-- What needs to be done --
Search the entries for the word "cases". Copy every line where it turns up.

━━ The records ━━

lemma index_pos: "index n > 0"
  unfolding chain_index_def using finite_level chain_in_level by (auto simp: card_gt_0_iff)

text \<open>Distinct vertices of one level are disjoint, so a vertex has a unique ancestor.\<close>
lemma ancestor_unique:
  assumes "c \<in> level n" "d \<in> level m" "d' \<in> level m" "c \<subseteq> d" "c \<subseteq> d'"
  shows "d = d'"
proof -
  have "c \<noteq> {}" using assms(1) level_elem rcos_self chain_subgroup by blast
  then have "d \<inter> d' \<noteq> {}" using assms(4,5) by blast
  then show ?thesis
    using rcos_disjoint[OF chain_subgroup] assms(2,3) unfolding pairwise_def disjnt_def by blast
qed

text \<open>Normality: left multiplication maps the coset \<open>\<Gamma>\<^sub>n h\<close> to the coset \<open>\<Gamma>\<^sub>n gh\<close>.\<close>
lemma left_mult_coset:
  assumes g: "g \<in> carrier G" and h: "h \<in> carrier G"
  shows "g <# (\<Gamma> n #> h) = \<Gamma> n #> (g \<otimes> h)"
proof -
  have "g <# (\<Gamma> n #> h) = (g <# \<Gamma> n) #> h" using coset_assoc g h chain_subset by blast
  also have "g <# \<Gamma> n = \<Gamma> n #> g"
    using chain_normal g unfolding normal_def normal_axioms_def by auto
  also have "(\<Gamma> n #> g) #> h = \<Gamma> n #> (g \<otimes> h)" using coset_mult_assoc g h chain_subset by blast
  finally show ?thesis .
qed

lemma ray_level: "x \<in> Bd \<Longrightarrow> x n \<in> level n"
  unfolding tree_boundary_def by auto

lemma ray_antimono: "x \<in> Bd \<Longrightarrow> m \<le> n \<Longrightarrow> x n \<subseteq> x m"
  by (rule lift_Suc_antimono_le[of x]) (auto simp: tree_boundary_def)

━━━
━━ The records ━━

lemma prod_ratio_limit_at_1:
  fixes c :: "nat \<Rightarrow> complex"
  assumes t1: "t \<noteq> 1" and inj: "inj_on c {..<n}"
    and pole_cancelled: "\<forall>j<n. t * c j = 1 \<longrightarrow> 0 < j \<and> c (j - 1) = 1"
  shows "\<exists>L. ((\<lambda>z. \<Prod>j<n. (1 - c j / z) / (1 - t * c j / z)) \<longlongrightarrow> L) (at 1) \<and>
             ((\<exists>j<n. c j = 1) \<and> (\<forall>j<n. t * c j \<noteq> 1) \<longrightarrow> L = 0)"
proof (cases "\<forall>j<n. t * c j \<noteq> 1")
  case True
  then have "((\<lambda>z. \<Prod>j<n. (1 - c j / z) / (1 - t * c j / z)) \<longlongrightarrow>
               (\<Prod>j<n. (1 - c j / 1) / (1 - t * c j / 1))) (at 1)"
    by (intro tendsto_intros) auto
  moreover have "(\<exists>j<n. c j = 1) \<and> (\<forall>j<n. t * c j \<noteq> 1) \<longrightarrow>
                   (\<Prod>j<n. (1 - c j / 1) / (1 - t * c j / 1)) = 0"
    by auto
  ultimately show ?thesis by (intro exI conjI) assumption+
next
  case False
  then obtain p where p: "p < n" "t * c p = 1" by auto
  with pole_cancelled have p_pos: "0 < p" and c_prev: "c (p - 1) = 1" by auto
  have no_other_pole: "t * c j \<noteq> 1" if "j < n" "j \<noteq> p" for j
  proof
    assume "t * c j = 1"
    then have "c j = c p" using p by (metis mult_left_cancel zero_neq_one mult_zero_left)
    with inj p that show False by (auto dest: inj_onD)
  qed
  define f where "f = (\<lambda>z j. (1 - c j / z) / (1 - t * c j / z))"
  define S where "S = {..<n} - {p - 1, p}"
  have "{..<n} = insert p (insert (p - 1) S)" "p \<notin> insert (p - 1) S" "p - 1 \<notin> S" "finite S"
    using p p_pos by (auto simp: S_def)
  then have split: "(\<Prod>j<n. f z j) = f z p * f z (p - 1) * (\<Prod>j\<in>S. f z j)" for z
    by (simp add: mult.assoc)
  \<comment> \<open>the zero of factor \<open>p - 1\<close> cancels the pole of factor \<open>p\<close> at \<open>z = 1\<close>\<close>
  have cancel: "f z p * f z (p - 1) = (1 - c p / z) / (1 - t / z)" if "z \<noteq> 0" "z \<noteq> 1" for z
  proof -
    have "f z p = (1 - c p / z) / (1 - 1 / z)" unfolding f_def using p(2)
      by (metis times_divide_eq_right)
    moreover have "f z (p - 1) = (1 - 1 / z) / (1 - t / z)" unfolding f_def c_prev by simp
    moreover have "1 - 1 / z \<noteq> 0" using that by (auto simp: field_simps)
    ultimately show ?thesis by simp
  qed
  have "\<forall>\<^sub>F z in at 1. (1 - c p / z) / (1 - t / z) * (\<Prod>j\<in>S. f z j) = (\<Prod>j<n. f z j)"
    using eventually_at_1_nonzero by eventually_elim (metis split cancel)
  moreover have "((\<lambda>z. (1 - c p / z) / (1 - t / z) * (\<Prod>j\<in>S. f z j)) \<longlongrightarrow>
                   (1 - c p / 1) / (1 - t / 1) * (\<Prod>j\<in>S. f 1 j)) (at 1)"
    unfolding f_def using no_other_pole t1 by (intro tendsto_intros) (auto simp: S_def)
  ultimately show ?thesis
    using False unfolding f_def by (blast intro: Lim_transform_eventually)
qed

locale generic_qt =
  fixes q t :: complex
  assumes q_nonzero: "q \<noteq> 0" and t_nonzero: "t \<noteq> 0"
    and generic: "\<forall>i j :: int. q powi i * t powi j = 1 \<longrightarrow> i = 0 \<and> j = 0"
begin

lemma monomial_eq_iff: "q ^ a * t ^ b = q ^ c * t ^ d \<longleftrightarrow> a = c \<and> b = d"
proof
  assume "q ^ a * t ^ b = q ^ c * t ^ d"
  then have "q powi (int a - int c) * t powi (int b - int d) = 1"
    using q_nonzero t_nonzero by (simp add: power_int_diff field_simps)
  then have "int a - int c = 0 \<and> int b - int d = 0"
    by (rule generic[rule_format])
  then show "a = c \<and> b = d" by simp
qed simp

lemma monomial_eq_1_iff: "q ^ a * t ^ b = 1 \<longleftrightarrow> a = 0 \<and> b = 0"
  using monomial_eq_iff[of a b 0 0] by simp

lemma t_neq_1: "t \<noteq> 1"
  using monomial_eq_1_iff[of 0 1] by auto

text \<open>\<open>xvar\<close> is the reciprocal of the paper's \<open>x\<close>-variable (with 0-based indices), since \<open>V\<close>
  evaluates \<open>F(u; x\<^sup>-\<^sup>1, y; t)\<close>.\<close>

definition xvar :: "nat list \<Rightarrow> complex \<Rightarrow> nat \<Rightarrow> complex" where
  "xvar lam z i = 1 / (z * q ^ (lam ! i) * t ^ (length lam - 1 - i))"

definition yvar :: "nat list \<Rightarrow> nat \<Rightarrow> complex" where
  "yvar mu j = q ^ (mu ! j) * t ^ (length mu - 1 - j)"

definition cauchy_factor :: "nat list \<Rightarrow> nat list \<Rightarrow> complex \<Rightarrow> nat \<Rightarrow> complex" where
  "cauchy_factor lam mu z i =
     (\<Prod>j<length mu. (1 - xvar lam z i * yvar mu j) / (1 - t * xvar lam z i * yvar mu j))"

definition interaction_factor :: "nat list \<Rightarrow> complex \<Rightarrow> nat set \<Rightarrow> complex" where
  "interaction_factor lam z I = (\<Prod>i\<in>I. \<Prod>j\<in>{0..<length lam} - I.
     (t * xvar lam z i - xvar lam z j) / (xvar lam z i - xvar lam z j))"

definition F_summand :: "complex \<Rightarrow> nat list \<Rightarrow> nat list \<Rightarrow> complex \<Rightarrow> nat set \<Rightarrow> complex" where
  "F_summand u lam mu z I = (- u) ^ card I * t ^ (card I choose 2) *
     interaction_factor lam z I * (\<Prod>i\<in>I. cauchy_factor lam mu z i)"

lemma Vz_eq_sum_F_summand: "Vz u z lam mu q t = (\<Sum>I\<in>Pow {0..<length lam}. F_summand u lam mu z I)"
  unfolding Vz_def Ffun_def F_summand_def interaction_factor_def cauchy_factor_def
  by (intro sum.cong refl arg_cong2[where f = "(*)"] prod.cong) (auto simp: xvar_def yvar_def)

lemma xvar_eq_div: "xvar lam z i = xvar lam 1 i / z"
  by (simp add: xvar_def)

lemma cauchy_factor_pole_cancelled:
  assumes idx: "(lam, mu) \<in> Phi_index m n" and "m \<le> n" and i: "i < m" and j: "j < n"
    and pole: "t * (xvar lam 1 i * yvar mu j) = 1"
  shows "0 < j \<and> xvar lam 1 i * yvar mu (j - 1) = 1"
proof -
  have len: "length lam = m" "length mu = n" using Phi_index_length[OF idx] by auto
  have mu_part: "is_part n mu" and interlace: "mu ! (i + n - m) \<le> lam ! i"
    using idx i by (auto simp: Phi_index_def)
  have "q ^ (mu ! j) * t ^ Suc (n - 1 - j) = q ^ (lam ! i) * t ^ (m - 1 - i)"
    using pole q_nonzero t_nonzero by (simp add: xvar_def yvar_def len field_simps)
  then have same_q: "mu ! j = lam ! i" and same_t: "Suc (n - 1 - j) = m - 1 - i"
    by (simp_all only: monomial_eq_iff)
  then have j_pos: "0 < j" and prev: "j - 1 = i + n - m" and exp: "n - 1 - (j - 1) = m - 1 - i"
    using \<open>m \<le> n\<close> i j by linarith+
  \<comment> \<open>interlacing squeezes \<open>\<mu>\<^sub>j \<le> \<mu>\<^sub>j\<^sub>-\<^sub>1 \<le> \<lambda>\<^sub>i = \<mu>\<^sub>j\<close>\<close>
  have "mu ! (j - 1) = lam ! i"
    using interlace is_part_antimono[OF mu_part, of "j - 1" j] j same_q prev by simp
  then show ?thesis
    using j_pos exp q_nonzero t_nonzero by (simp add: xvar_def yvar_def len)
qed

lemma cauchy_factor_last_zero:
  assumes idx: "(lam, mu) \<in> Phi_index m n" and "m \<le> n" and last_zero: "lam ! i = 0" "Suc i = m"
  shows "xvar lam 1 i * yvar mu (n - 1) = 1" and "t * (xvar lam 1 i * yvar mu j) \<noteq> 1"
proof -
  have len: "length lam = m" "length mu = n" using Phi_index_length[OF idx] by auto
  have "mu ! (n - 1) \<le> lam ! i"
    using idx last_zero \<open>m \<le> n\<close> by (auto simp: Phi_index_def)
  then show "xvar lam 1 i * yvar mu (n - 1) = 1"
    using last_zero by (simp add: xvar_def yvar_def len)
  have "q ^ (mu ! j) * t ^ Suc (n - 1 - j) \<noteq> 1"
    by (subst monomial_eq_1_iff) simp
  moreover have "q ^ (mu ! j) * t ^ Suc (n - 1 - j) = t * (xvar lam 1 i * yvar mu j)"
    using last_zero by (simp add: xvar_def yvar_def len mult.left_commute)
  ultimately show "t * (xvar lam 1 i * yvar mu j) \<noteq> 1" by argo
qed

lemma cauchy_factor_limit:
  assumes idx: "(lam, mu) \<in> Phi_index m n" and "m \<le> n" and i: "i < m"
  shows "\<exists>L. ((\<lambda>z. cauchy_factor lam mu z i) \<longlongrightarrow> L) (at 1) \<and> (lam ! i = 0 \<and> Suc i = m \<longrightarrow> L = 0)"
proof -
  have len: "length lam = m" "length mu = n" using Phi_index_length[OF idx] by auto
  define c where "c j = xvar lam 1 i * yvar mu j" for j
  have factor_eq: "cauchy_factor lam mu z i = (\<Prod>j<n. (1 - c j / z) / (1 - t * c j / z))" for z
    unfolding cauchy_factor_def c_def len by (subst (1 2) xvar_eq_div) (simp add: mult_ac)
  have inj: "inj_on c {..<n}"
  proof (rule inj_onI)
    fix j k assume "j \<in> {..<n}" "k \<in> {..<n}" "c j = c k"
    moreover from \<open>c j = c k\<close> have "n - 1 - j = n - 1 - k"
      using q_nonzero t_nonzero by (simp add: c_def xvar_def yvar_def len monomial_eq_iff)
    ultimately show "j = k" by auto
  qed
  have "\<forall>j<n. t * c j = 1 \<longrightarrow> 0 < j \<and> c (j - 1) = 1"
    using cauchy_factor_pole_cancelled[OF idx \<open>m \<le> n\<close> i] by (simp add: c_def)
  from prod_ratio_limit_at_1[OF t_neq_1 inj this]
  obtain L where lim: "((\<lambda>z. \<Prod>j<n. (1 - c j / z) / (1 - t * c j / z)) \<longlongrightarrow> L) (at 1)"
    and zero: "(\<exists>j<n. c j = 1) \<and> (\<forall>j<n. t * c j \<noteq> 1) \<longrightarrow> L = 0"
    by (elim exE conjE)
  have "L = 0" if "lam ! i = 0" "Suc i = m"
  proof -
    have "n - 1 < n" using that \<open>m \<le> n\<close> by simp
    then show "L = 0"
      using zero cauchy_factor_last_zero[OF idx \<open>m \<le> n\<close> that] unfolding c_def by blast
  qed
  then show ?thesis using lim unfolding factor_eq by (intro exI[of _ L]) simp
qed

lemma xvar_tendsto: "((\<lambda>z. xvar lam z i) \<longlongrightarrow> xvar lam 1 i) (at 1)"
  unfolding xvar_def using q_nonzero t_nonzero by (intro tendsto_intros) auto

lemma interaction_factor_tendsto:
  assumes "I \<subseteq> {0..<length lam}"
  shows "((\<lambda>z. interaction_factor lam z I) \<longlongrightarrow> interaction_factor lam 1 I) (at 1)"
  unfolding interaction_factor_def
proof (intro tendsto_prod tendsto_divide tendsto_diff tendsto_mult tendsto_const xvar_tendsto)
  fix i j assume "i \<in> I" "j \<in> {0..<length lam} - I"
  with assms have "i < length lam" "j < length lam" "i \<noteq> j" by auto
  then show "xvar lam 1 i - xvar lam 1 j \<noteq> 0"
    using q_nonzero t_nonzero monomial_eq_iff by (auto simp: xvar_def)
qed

━━━
━━ The records ━━

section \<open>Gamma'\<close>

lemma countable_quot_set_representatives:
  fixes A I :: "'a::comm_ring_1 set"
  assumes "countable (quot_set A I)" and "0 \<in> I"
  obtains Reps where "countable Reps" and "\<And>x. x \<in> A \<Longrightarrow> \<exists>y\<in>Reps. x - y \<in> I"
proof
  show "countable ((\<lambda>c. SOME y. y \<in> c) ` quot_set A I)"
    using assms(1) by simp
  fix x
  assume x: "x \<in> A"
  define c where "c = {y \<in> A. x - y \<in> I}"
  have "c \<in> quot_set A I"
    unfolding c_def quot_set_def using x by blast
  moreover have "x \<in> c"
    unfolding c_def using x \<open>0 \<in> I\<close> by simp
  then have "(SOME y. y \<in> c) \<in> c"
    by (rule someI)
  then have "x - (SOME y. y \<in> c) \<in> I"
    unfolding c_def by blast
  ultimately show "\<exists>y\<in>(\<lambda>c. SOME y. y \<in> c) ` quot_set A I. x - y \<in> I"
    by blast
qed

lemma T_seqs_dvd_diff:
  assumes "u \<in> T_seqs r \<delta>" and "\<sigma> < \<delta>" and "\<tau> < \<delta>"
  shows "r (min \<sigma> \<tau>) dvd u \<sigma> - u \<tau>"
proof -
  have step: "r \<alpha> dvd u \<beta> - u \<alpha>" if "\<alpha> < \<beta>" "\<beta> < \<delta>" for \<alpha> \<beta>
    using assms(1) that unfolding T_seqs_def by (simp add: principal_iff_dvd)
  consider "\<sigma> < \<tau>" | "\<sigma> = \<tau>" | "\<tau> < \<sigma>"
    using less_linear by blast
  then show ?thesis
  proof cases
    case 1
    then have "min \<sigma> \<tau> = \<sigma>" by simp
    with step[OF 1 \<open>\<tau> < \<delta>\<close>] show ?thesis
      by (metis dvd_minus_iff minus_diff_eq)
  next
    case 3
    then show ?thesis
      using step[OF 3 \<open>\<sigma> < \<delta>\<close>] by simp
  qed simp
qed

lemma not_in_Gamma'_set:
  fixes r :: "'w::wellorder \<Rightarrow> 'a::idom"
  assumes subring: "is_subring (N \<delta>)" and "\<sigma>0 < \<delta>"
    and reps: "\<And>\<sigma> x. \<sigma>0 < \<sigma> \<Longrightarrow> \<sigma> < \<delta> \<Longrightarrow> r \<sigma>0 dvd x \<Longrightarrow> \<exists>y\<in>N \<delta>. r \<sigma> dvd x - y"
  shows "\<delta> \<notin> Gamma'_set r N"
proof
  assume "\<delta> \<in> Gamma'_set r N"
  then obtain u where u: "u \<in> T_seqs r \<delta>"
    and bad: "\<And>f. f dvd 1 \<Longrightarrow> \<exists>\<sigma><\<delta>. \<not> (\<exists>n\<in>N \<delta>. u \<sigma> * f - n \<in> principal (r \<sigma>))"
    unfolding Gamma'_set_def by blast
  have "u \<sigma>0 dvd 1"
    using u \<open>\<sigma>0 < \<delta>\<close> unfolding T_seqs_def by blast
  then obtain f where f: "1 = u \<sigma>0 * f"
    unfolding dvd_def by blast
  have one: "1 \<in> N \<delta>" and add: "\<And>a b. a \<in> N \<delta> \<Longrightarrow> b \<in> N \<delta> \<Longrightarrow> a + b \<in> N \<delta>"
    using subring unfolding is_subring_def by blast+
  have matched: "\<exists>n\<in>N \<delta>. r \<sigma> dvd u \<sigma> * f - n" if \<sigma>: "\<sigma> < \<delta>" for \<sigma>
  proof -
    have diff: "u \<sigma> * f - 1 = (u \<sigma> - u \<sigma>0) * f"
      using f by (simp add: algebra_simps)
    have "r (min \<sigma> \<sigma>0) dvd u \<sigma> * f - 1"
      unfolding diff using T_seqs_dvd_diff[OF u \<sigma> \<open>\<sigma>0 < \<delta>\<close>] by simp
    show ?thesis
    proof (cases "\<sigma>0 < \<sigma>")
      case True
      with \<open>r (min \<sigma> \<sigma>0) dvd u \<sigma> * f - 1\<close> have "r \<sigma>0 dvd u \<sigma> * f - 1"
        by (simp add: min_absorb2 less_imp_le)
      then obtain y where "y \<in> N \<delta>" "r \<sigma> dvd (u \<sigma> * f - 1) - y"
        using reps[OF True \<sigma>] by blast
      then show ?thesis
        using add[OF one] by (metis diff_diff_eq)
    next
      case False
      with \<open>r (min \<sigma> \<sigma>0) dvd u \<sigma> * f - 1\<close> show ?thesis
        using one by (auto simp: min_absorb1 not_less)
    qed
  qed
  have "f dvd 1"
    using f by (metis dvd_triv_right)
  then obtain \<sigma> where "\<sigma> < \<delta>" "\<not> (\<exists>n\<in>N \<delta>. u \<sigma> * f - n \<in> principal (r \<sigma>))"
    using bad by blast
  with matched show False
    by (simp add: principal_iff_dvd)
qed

━━━

-- Exercise answer --
proof (cases "\<forall>j<n. t * c j \<noteq> 1")
  proof cases
    proof (cases "\<sigma>0 < \<sigma>")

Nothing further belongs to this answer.